[Collected data]
◆ ◆ ◆

lemma exists_last_prime_power_outside:
  assumes "x \<notin> W" "nsmul (p ^ e) x \<in> W"
  shows "\<exists>j. nsmul (p ^ j) x \<notin> W \<and> nsmul (p ^ Suc j) x \<in> W"
  using assms(2)
proof (induction e)
  case 0
  then show ?case using assms(1) by simp
next
  case (Suc e)
  then show ?case by (cases "nsmul (p ^ e) x \<in> W") blast+
qed

lemma exists_outside_with_prime_multiple_inside:
  fixes h :: "'g::{ab_group_add,finite}"
  assumes p: "prime p" and H: "add_subgroup H" "h \<in> H" and oh: "add_order h = p ^ f"
    and exponent: "\<forall>z\<in>H. nsmul (p ^ f) z = 0"
    and K: "add_subgroup K" and hK: "multiples h \<inter> K = {0}"
    and x0: "x0 \<in> H" "x0 \<notin> multiples h + K"
  shows "\<exists>x\<in>H. x \<notin> multiples h + K \<and> nsmul p x \<in> K"
proof -
  define W where "W = multiples h + K"
  have "0 \<in> W" unfolding W_def using set_plus_intro[OF zero_in_multiples add_subgroup_zero[OF K]] by simp
  then obtain j where j: "nsmul (p ^ j) x0 \<notin> W" "nsmul (p ^ Suc j) x0 \<in> W"
    using exists_last_prime_power_outside[of x0 W p f] x0 exponent unfolding W_def by auto
  define x where "x = nsmul (p ^ j) x0"
  have xH: "x \<in> H" and xW: "x \<notin> W" using j x0 H(1) by (simp_all add: x_def add_subgroup_nsmul)
  have "nsmul p x \<in> W" using j by (simp add: x_def flip: nsmul_mult)
  then obtain a y where pxa: "nsmul p x = nsmul a h + y" and yK: "y \<in> K"
    unfolding W_def multiples_def by (auto elim!: set_plus_elim)
  obtain f' where f': "f = Suc f'"
  proof (cases f)
    case 0
    then have "x = 0" using exponent xH by simp
    then show ?thesis using xW \<open>0 \<in> W\<close> by simp
  qed
  have "0 = nsmul (p ^ f') (nsmul p x)"
    using exponent xH by (simp add: f' flip: nsmul_mult) (simp add: mult.commute)
  also have "\<dots> = nsmul (p ^ f' * a) h + nsmul (p ^ f') y"
    by (simp add: pxa nsmul_plus nsmul_mult)
  finally have "nsmul (p ^ f' * a) h = - nsmul (p ^ f') y"
    by (simp add: eq_neg_iff_add_eq_0)
  also have "\<dots> \<in> K" using K yK by (intro add_subgroup_minus add_subgroup_nsmul)
  finally have "nsmul (p ^ f' * a) h = 0" using hK nsmul_in_multiples by blast
  \<comment> \<open>here the maximality of the order of \<open>h\<close> enters: \<open>p\<^sup>f\<close> also kills \<open>x\<close>\<close>
  then have "p ^ f' * p dvd p ^ f' * a" by (simp add: nsmul_eq_0_iff oh f' mult.commute)
  then obtain b where b: "a = p * b" using p by (auto simp: prime_gt_0_nat elim!: dvdE)
  define x' where "x' = x - nsmul b h"
  have "nsmul p x' = y" by (simp add: x'_def nsmul_diff pxa b nsmul_mult[symmetric] mult.commute)
  moreover have "x' \<in> H" unfolding x'_def using H xH by (intro add_subgroup_diff add_subgroup_nsmul)
  moreover have "x' \<notin> W"
  proof
    assume "x' \<in> W"
    then obtain c z where "x' = nsmul c h + z" "z \<in> K"
      unfolding W_def multiples_def by (auto elim!: set_plus_elim)
    then have "x = nsmul (c + b) h + z" by (simp add: x'_def nsmul_add algebra_simps)
    then show False using xW \<open>z \<in> K\<close> unfolding W_def by (metis nsmul_in_multiples set_plus_intro)
  qed
  ultimately show ?thesis using yK unfolding W_def by blast
qed

lemma multiples_inter_extended_subgroup:
  fixes h x :: "'g::{ab_group_add,finite}"
  assumes p: "prime p" and K: "add_subgroup K" and hK: "multiples h \<inter> K = {0}"
    and x: "x \<notin> multiples h + K" "nsmul p x \<in> K"
  shows "multiples h \<inter> (K + multiples x) = {0}"
proof -
  have "v = 0" if v: "v \<in> multiples h" "v \<in> K + multiples x" for v
  proof -
    obtain j where vj: "v = nsmul j h" using v(1) by (auto simp: multiples_def)
    obtain y c where vy: "v = y + nsmul c x" and yK: "y \<in> K"
      using v(2) by (auto simp: multiples_def elim!: set_plus_elim)
    define r where "r = c mod p"
    define y' where "y' = y + nsmul (c div p) (nsmul p x)"
    have y'K: "y' \<in> K" unfolding y'_def using add_subgroup_add[OF K yK add_subgroup_nsmul[OF K x(2)]] .
    have vr: "v = y' + nsmul r x"
    proof -
      have "nsmul c x = nsmul (c div p * p) x + nsmul r x"
        unfolding r_def by (simp flip: nsmul_add)
      then show ?thesis by (simp add: vy y'_def nsmul_mult add.assoc)
    qed
    show "v = 0"
    proof (cases "r = 0")
      case True
      then show ?thesis using vr y'K v(1) hK by auto
    next
      case False
      \<comment> \<open>then \<open>r\<close> is invertible modulo \<open>p\<close>, which would put \<open>x\<close> into \<open>multiples h + K\<close>\<close>
      have "r < p" using prime_gt_0_nat[OF p] by (simp add: r_def)
      then have "\<not> p dvd r" using False by (auto dest: dvd_imp_le)
      then have "gcd r p = 1"
        using prime_imp_coprime[OF p] by (metis coprime_commute coprime_iff_gcd_eq_1)
      then obtain s t where st: "r * s = p * t + 1" using bezout_nat[of r p] False by auto
      have "nsmul (s * j) h = nsmul s v" by (simp add: vj nsmul_mult)
      also have "\<dots> = nsmul s y' + nsmul (r * s) x"
        by (simp add: vr nsmul_plus nsmul_mult[symmetric] mult.commute)
      also have "nsmul (r * s) x = nsmul t (nsmul p x) + x"
        by (simp add: st nsmul_add nsmul_mult[symmetric] mult.commute)
      finally have "x = nsmul (s * j) h + - (nsmul s y' + nsmul t (nsmul p x))"
        by (simp add: algebra_simps)
      moreover have "- (nsmul s y' + nsmul t (nsmul p x)) \<in> K"
        using K add_subgroup_nsmul[OF K y'K] add_subgroup_nsmul[OF K x(2)]
        by (intro add_subgroup_minus add_subgroup_add)
      ultimately have "x \<in> multiples h + K" by (metis nsmul_in_multiples set_plus_intro)
      then show ?thesis using x(1) by simp
    qed
  qed
  moreover have "0 \<in> K + multiples x"
    using set_plus_intro[OF add_subgroup_zero[OF K] zero_in_multiples] by simp
  ultimately show ?thesis by auto
qed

◆ ◆ ◆

[ACTIVITY] Go through the records above and, whenever a line includes the word "assms", copy it.

[TASK OUTPUT]
  using assms(2)
  then show ?case using assms(1) by simp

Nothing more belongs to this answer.